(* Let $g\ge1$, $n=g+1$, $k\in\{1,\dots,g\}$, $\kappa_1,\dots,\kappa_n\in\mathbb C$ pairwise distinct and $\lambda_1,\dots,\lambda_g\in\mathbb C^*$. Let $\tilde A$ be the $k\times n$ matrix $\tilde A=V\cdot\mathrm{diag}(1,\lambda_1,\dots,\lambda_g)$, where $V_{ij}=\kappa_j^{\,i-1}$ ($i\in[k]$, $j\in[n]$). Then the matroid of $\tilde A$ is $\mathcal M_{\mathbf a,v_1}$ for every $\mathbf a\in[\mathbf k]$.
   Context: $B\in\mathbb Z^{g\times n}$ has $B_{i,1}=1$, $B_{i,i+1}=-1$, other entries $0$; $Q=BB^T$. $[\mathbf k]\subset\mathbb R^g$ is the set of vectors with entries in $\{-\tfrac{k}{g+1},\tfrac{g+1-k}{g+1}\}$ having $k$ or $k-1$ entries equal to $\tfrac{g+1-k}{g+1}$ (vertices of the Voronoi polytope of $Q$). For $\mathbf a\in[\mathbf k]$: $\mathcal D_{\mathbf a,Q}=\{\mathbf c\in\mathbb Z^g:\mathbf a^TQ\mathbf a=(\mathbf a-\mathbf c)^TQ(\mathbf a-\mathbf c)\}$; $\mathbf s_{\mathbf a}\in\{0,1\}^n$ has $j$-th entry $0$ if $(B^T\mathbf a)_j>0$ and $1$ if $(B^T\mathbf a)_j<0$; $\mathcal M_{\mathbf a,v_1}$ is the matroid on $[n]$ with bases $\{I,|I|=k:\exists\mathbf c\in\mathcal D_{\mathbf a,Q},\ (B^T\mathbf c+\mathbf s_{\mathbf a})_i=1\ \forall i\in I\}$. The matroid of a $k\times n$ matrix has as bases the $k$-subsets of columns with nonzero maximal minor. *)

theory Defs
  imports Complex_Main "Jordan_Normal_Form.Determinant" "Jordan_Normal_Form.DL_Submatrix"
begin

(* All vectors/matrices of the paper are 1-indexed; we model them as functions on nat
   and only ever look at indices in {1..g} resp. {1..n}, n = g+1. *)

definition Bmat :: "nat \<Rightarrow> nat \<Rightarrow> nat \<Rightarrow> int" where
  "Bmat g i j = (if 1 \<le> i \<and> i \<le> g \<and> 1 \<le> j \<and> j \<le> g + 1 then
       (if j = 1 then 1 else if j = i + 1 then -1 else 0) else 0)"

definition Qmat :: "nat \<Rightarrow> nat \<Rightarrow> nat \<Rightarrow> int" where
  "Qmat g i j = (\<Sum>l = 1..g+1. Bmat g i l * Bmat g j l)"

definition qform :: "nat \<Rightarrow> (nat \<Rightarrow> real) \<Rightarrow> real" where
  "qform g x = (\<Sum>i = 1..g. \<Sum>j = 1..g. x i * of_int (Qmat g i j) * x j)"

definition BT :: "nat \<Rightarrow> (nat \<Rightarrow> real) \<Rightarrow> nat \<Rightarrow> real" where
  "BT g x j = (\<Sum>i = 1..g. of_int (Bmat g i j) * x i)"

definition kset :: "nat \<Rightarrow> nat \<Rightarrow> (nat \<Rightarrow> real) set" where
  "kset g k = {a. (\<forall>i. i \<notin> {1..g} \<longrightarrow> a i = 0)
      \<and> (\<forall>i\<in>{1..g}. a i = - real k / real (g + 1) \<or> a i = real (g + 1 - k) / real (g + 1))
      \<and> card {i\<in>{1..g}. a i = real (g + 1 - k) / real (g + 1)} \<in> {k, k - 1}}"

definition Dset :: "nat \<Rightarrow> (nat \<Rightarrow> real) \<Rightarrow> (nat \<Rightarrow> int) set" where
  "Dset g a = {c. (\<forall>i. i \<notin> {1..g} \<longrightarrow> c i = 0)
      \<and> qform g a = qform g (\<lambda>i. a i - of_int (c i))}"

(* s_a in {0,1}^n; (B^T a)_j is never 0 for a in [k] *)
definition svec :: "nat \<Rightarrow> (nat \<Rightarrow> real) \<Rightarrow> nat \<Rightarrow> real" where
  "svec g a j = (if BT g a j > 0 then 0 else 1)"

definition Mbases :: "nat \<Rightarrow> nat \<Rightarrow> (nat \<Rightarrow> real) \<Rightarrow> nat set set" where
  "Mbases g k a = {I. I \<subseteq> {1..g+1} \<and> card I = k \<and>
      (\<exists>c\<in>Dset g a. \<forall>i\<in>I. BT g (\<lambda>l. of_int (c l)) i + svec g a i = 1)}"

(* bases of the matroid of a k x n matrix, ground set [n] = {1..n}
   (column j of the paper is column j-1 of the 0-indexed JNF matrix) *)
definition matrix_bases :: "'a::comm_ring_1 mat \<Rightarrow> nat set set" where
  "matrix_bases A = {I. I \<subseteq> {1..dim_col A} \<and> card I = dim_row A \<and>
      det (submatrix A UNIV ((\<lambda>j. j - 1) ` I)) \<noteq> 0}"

-*-*-

§ What you need to do
In the listing above, the line with "qform g (\<lambda>i." and every line after it must be set down word for word, and no other line.

§ Response to the task
      \<and> qform g a = qform g (\<lambda>i. a i - of_int (c i))}"

(* s_a in {0,1}^n; (B^T a)_j is never 0 for a in [k] *)
definition svec :: "nat \<Rightarrow> (nat \<Rightarrow> real) \<Rightarrow> nat \<Rightarrow> real" where
  "svec g a j = (if BT g a j > 0 then 0 else 1)"

definition Mbases :: "nat \<Rightarrow> nat \<Rightarrow> (nat \<Rightarrow> real) \<Rightarrow> nat set set" where
  "Mbases g k a = {I. I \<subseteq> {1..g+1} \<and> card I = k \<and>
      (\<exists>c\<in>Dset g a. \<forall>i\<in>I. BT g (\<lambda>l. of_int (c l)) i + svec g a i = 1)}"

(* bases of the matroid of a k x n matrix, ground set [n] = {1..n}
   (column j of the paper is column j-1 of the 0-indexed JNF matrix) *)
definition matrix_bases :: "'a::comm_ring_1 mat \<Rightarrow> nat set set" where
  "matrix_bases A = {I. I \<subseteq> {1..dim_col A} \<and> card I = dim_row A \<and>
      det (submatrix A UNIV ((\<lambda>j. j - 1) ` I)) \<noteq> 0}"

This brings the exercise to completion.